A Letter to Marta:
Walking Through the Valley of the Shadow
Marta, a woman in her early 40s, is a member of Trinity Presbyterian Church now living in Maine. Recently, surgeons amputated her legs from the knees down due to poor circulation -- the effects of juvenile diabetes coupled with confinement to a wheel chair for several years because of multiple sclerosis. MS struck Marta in her mid 30s in the midst of a career she was building around her background in theater and video and a unique capacity to relate to and work with at-risk adolescents. Her affliction forced her to give up not only her budding career, but also many other things she enjoyed doing -- including swimming, karate, dancing, and hosting parties. In a recent conversation, she asked her pastor "why?" A response to Marta's question from Rev. Dr. Robert Helm follows.
It is not for me to preach to you. You have always been a person of courage and compassion and your courage in the trials you have faced have witnessed to life to me and to many people.
In a sense, "the courage to be" is the same thing as Faith. Christians affirm that life has meaning and that God is good although everyone who truly lives must walk through the valley of the shadow. No one wants to be put to the test or to suffer; like Jesus, we ask that the cup be removed because we are afraid or our faith seems small. We can't avoid our suffering but we can ask God to give us the strength to endure it and to cope with it.
We do not know why we are called to suffer and that bad things happen to us. God's ways are higher than our ways and God's thoughts higher than our thoughts. But it is honest to argue with God and sometimes that gives us release and sometimes we are given acceptance and peace.
No sensitive or good person escapes suffering or hurts -- only people who are obtuse or unfeeling and who do not dare to live life as fully human.

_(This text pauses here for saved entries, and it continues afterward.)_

lemma right_inverse_rules:
  assumes G: "is_inverse_on (set es) (Amat es Xr N T) G"
  shows "b \<in> set es \<Longrightarrow> G i b = T * G i1 b - (T - 1) * G j1 b + (if i = b then 1 else 0)"
    and "b \<in> set es \<Longrightarrow> G j b = G j1 b + (if j = b then 1 else 0)"
    and "b \<in> set es \<Longrightarrow> G i1 b = T * G i2 b - (T - 1) * G k1 b + (if i1 = b then 1 else 0)"
    and "b \<in> set es \<Longrightarrow> G k b = G k1 b + (if k = b then 1 else 0)"
    and "b \<in> set es \<Longrightarrow> G j1 b = T * G j2 b - (T - 1) * G k2 b + (if j1 = b then 1 else 0)"
    and "b \<in> set es \<Longrightarrow> G k1 b = G k2 b + (if k1 = b then 1 else 0)"
    and "a \<in> set es \<Longrightarrow> G a i1 = T * G a i + (if a = i1 then 1 else 0)"
    and "a \<in> set es \<Longrightarrow> G a j1 = G a j - (T - 1) * G a i + (if a = j1 then 1 else 0)"
    and "a \<in> set es \<Longrightarrow> G a k1 = G a k - (T - 1) * G a i1 + (if a = k1 then 1 else 0)"
  using is_inverse_on_crossing[OF wf_right _ G, of 1 i j] is_inverse_on_crossing[OF wf_right _ G, of 1 i1 k]
    is_inverse_on_crossing[OF wf_right _ G, of 1 j1 k1]
  by simp_all

(* Column b of G^l, re-solved on the inner edges from the rows j, k and i1 of A^r y = e_b. *)
definition corrected_column :: "('e \<Rightarrow> 'e \<Rightarrow> 'a::field) \<Rightarrow> 'a \<Rightarrow> 'e \<Rightarrow> 'e \<Rightarrow> 'a" where
  "corrected_column G T b c =
     (if c = j1 then G j b - (if j = b then 1 else 0)
      else if c = k1 then G k b - (if k = b then 1 else 0)
      else if c = i1 then T * G i2 b - (T - 1) * (G k b - (if k = b then 1 else 0))
      else G c b)"
(* Let $N\ge1$, $(T_N)_{jk}=\binom{j+k}{j}$, $(\Psi_N)_{jk}=\binom{j}{k}$ for $0\le j,k<N$, and $\Lambda_N=\mathrm{diag}(1,-1,\dots,(-1)^{N-1})$. If $\vec v$ is an eigenvector of $T_N$ with eigenvalue $\lambda$, then $\Psi_N\Lambda_N\vec v$ is an eigenvector of $T_N$ with eigenvalue $\lambda^{-1}$.
   Context: Matrix indices start at $0$. ($T_N=\Psi_N\Psi_N^\intercal$ is positive definite, so $\lambda\neq0$.) *)

theory Defs
  imports "Jordan_Normal_Form.Char_Poly"
begin

definition T_mat :: "nat \<Rightarrow> real mat" where
  "T_mat N = mat N N (\<lambda>(j,k). real ((j + k) choose j))"

definition Psi_mat :: "nat \<Rightarrow> real mat" where
  "Psi_mat N = mat N N (\<lambda>(j,k). real (j choose k))"

definition Lambda_mat :: "nat \<Rightarrow> real mat" where
  "Lambda_mat N = mat N N (\<lambda>(j,k). if j = k then (-1) ^ j else 0)"

end

theory Submission imports Defs begin

text \<open>
  Pascal's matrix factors as \<open>T = \<Psi> \<Psi>\<^sup>T\<close> (Vandermonde), and the binomial inversion formula
  says \<open>\<Psi> \<Lambda> \<Psi> = \<Lambda>\<close>. Hence \<open>P = \<Psi> \<Lambda>\<close> is an involution with \<open>T P T = P\<close>, i.e.
  \<open>P T P = T\<^sup>-\<^sup>1\<close>; so \<open>P\<close> maps eigenvectors of \<open>T\<close> for \<open>\<lambda>\<close> to eigenvectors for \<open>\<lambda>\<^sup>-\<^sup>1\<close>.
\<close>

lemma sum_choose_mult_choose:
  assumes "j < n"
  shows "(\<Sum>i<n. (j choose i) * (k choose i)) = (j + k) choose j"
proof -
  have "(\<Sum>i<n. (j choose i) * (k choose i)) = (\<Sum>i\<le>j. (k choose i) * (j choose (j - i)))"
    using assms by (intro sum.mono_neutral_cong_right) (auto simp: binomial_symmetric[symmetric])
  also have "\<dots> = (k + j) choose j"
    by (rule vandermonde)
  finally show ?thesis
    by (simp add: add.commute)
qed

lemma sum_alternating_choose_mult_choose:
  assumes "j < n"
  shows "(\<Sum>i<n. of_nat (j choose i) * (-1) ^ i * of_nat (i choose k))
       = (if j = k then (-1) ^ k else (0 :: 'a :: comm_ring_1))"
proof (cases "k \<le> j")
  case False
  have "(j choose i) * (i choose k) = 0" for i
    using False by (cases "i \<le> j") auto
  then have "of_nat (j choose i) * (-1) ^ i * of_nat (i choose k) = (0 :: 'a)" for i
    by (metis mult.commute mult.left_commute mult_zero_right of_nat_0 of_nat_mult)
  then show ?thesis
    using False by simp
next
  case True
  have "(\<Sum>i<n. of_nat (j choose i) * (-1) ^ i * of_nat (i choose k))
      = (\<Sum>l\<le>j - k. of_nat (j choose (l + k)) * (-1) ^ (l + k) * of_nat ((l + k) choose k) :: 'a)"
  proof -
    have "(\<Sum>i<n. of_nat (j choose i) * (-1) ^ i * of_nat (i choose k))
        = (\<Sum>i\<in>{k..j}. of_nat (j choose i) * (-1) ^ i * of_nat (i choose k) :: 'a)"
      using assms by (intro sum.mono_neutral_right) (auto simp: not_le binomial_eq_0)
    also have "\<dots> = (\<Sum>l\<in>{0..j - k}. of_nat (j choose (l + k)) * (-1) ^ (l + k) * of_nat ((l + k) choose k))"
      using True sum.shift_bounds_cl_nat_ivl[of _ 0 k "j - k"] by simp
    finally show ?thesis
      by (simp add: atLeast0AtMost)
  qed
  also have "\<dots> = of_nat (j choose k) * (-1) ^ k * (\<Sum>l\<le>j - k. (-1) ^ l * of_nat ((j - k) choose l))"
  proof -
    have "of_nat (j choose (l + k)) * (-1) ^ (l + k) * of_nat ((l + k) choose k)
        = of_nat (j choose k) * (-1) ^ k * ((-1) ^ l * of_nat ((j - k) choose l) :: 'a)"
      if "l \<le> j - k" for l
    proof -
      have "(j choose (l + k)) * ((l + k) choose k) = (j choose k) * ((j - k) choose l)"
        using choose_mult[of k "l + k" j] that True by simp
      then have "of_nat (j choose (l + k)) * of_nat ((l + k) choose k)
          = (of_nat (j choose k) * of_nat ((j - k) choose l) :: 'a)"
        by (simp flip: of_nat_mult)
      then show ?thesis
        by (simp add: power_add mult_ac)
    qed
    then show ?thesis
      unfolding sum_distrib_left by (intro sum.cong) auto
  qed
  also have "\<dots> = (if j = k then (-1) ^ k else 0)"
    using True choose_alternating_sum[of "j - k", where 'a = 'a] by auto
  finally show ?thesis .
qed

lemma
  fixes S L :: "'a :: comm_ring_1 mat"
  assumes S: "S \<in> carrier_mat n n" and L: "L \<in> carrier_mat n n"
    and SLS: "S * L * S = L"
  shows mult_self_if_conj_fixed: "(S * L) * (S * L) = L * L"
    and gram_mult_gram_if_conj_fixed:
      "transpose_mat L = L \<Longrightarrow> (S * transpose_mat S) * (S * L) * (S * transpose_mat S) = S * L"
proof -
  show "(S * L) * (S * L) = L * L"
    using S L SLS by (metis assoc_mult_mat mult_carrier_mat)
  assume LT: "transpose_mat L = L"
  have St: "transpose_mat S \<in> carrier_mat n n"
    using S by simp
  have "transpose_mat (S * L * S) = transpose_mat S * L * transpose_mat S"
    using S L LT by (simp add: transpose_mult[of _ n n _ n])
  then have SLS_transpose: "transpose_mat S * L * transpose_mat S = L"
    using SLS LT by simp
  have "(S * transpose_mat S) * (S * L) * (S * transpose_mat S)
      = S * (transpose_mat S * ((S * L * S) * transpose_mat S))"
    using S L St by (simp add: assoc_mult_mat[where n\<^sub>1=n and n\<^sub>2=n and n\<^sub>3=n and n\<^sub>4=n])
  also have "\<dots> = S * L"
    using SLS SLS_transpose S L St by (simp add: assoc_mult_mat[where n\<^sub>1=n and n\<^sub>2=n and n\<^sub>3=n and n\<^sub>4=n])
  finally show "(S * transpose_mat S) * (S * L) * (S * transpose_mat S) = S * L" .
qed

lemma T_mat_carrier: "T_mat N \<in> carrier_mat N N"
  and Psi_mat_carrier: "Psi_mat N \<in> carrier_mat N N"
  and Lambda_mat_carrier: "Lambda_mat N \<in> carrier_mat N N"
  by (auto simp: T_mat_def Psi_mat_def Lambda_mat_def)

lemma T_mat_eq_Psi_mat_transpose: "T_mat N = Psi_mat N * transpose_mat (Psi_mat N)"
proof (rule eq_matI)
  fix j k
  assume "j < dim_row (Psi_mat N * transpose_mat (Psi_mat N))"
    and "k < dim_col (Psi_mat N * transpose_mat (Psi_mat N))"
  then have j: "j < N" and k: "k < N"
    by (auto simp: Psi_mat_def)
  have "(Psi_mat N * transpose_mat (Psi_mat N)) $$ (j, k) = real (\<Sum>i<N. (j choose i) * (k choose i))"
    using j k by (simp add: Psi_mat_def scalar_prod_def atLeast0LessThan)
  then show "T_mat N $$ (j, k) = (Psi_mat N * transpose_mat (Psi_mat N)) $$ (j, k)"
    using j k by (simp add: T_mat_def sum_choose_mult_choose)
qed (auto simp: T_mat_def Psi_mat_def)

lemma Psi_mat_mult_Lambda_mat: "Psi_mat N * Lambda_mat N = mat N N (\<lambda>(j, k). real (j choose k) * (-1) ^ k)"
  by (rule eq_matI)
     (auto simp: Psi_mat_def Lambda_mat_def scalar_prod_def if_distrib[of "(*) _"] sum.delta cong: if_cong)

lemma Psi_Lambda_Psi_mat: "Psi_mat N * Lambda_mat N * Psi_mat N = Lambda_mat N"
proof (rule eq_matI)
  fix j k
  assume "j < dim_row (Lambda_mat N)" and "k < dim_col (Lambda_mat N)"
  then have j: "j < N" and k: "k < N"
    by (auto simp: Lambda_mat_def)
  have "(Psi_mat N * Lambda_mat N * Psi_mat N) $$ (j, k)
      = (\<Sum>i<N. real (j choose i) * (-1) ^ i * real (i choose k))"
    unfolding Psi_mat_mult_Lambda_mat using j k by (simp add: Psi_mat_def scalar_prod_def atLeast0LessThan)
  then show "(Psi_mat N * Lambda_mat N * Psi_mat N) $$ (j, k) = Lambda_mat N $$ (j, k)"
    using j k by (simp add: Lambda_mat_def sum_alternating_choose_mult_choose)
qed (auto simp: Psi_mat_def Lambda_mat_def)

lemma Lambda_mat_mult_Lambda_mat: "Lambda_mat N * Lambda_mat N = 1\<^sub>m N"
  by (rule eq_matI)
     (auto simp: Lambda_mat_def scalar_prod_def if_distrib[of "(*) _"] sum.delta
        simp flip: power_mult_distrib cong: if_cong)

lemma transpose_Lambda_mat: "transpose_mat (Lambda_mat N) = Lambda_mat N"
  by (rule eq_matI) (auto simp: Lambda_mat_def)

text \<open>\<open>P\<^sup>2 = 1\<close> gives \<open>P v \<noteq> 0\<close>, which by \<open>A P A = P\<close> also rules out \<open>\<lambda> = 0\<close>.\<close>

lemma eigenvector_inverse_if_involution_conj:
  fixes A P :: "'a :: field mat"
  assumes A: "A \<in> carrier_mat n n" and P: "P \<in> carrier_mat n n"
    and PP: "P * P = 1\<^sub>m n" and APA: "A * P * A = P"
    and ev: "eigenvector A v lam"
  shows "eigenvector A (P *\<^sub>v v) (inverse lam)"
proof -
  from ev A have v: "v \<in> carrier_vec n" and v0: "v \<noteq> 0\<^sub>v n" and Av: "A *\<^sub>v v = lam \<cdot>\<^sub>v v"
    by (auto simp: eigenvector_def)
  have PPv: "P *\<^sub>v (P *\<^sub>v v) = v"
    using PP P v by (metis assoc_mult_mat_vec one_mult_mat_vec)
  have APAv: "A *\<^sub>v (P *\<^sub>v (A *\<^sub>v v)) = P *\<^sub>v v"
    using APA A P v by (metis assoc_mult_mat_vec mult_carrier_mat mult_mat_vec_carrier)
  have Pv0: "P *\<^sub>v v \<noteq> 0\<^sub>v n"
  proof
    assume "P *\<^sub>v v = 0\<^sub>v n"
    then have "v = 0\<^sub>v n"
      using PPv P by auto
    with v0 show False ..
  qed
  have lam0: "lam \<noteq> 0"
  proof
    assume "lam = 0"
    then have "A *\<^sub>v v = 0\<^sub>v n"
      using Av v by auto
    moreover have "B *\<^sub>v 0\<^sub>v n = 0\<^sub>v n" if "B \<in> carrier_mat n n" for B :: "'a mat"
      using that by auto
    ultimately have "P *\<^sub>v v = 0\<^sub>v n"
      using APAv A P by metis
    with Pv0 show False ..
  qed
  have "A *\<^sub>v (P *\<^sub>v v) = A *\<^sub>v (P *\<^sub>v (inverse lam \<cdot>\<^sub>v (A *\<^sub>v v)))"
    using Av lam0 v by (simp add: smult_smult_assoc)
  also have "\<dots> = inverse lam \<cdot>\<^sub>v (P *\<^sub>v v)"
    using A P v APAv by (simp add: mult_mat_vec)
  finally show ?thesis
    using Pv0 P v A by (simp add: eigenvector_def)
qed

theorem mainTheorem11:
  fixes N :: nat and v :: "real vec" and lam :: real
  assumes "N \<ge> 1"
    and "eigenvector (T_mat N) v lam"
  shows "eigenvector (T_mat N) ((Psi_mat N * Lambda_mat N) *\<^sub>v v) (inverse lam)"
proof (rule eigenvector_inverse_if_involution_conj[OF T_mat_carrier _ _ _ assms(2)])
  show "Psi_mat N * Lambda_mat N \<in> carrier_mat N N"
    by (rule mult_carrier_mat[OF Psi_mat_carrier Lambda_mat_carrier])
  show "(Psi_mat N * Lambda_mat N) * (Psi_mat N * Lambda_mat N) = 1\<^sub>m N"
    using mult_self_if_conj_fixed[OF Psi_mat_carrier Lambda_mat_carrier Psi_Lambda_Psi_mat]
    by (simp add: Lambda_mat_mult_Lambda_mat)
  show "T_mat N * (Psi_mat N * Lambda_mat N) * T_mat N = Psi_mat N * Lambda_mat N"
    using gram_mult_gram_if_conj_fixed[OF Psi_mat_carrier Lambda_mat_carrier Psi_Lambda_Psi_mat
        transpose_Lambda_mat]
    by (simp add: T_mat_eq_Psi_mat_transpose)
qed

end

Theologically, Christians see their hurts as "severe mercy" which is not a smile button but the choice to believe that life is not merely chaos or meaningless -- but that God has a purpose with our lives and that it is the good and love which ultimately triumph and we are fulfilled in that love. God is not through with us -- ever.
It is what I believe: that all our difficulties, our own failures and disappointments, the suffering that we don't deserve -- all is to be given to God and at the deepest level of life, God will make us whole and God's Kingdom comes.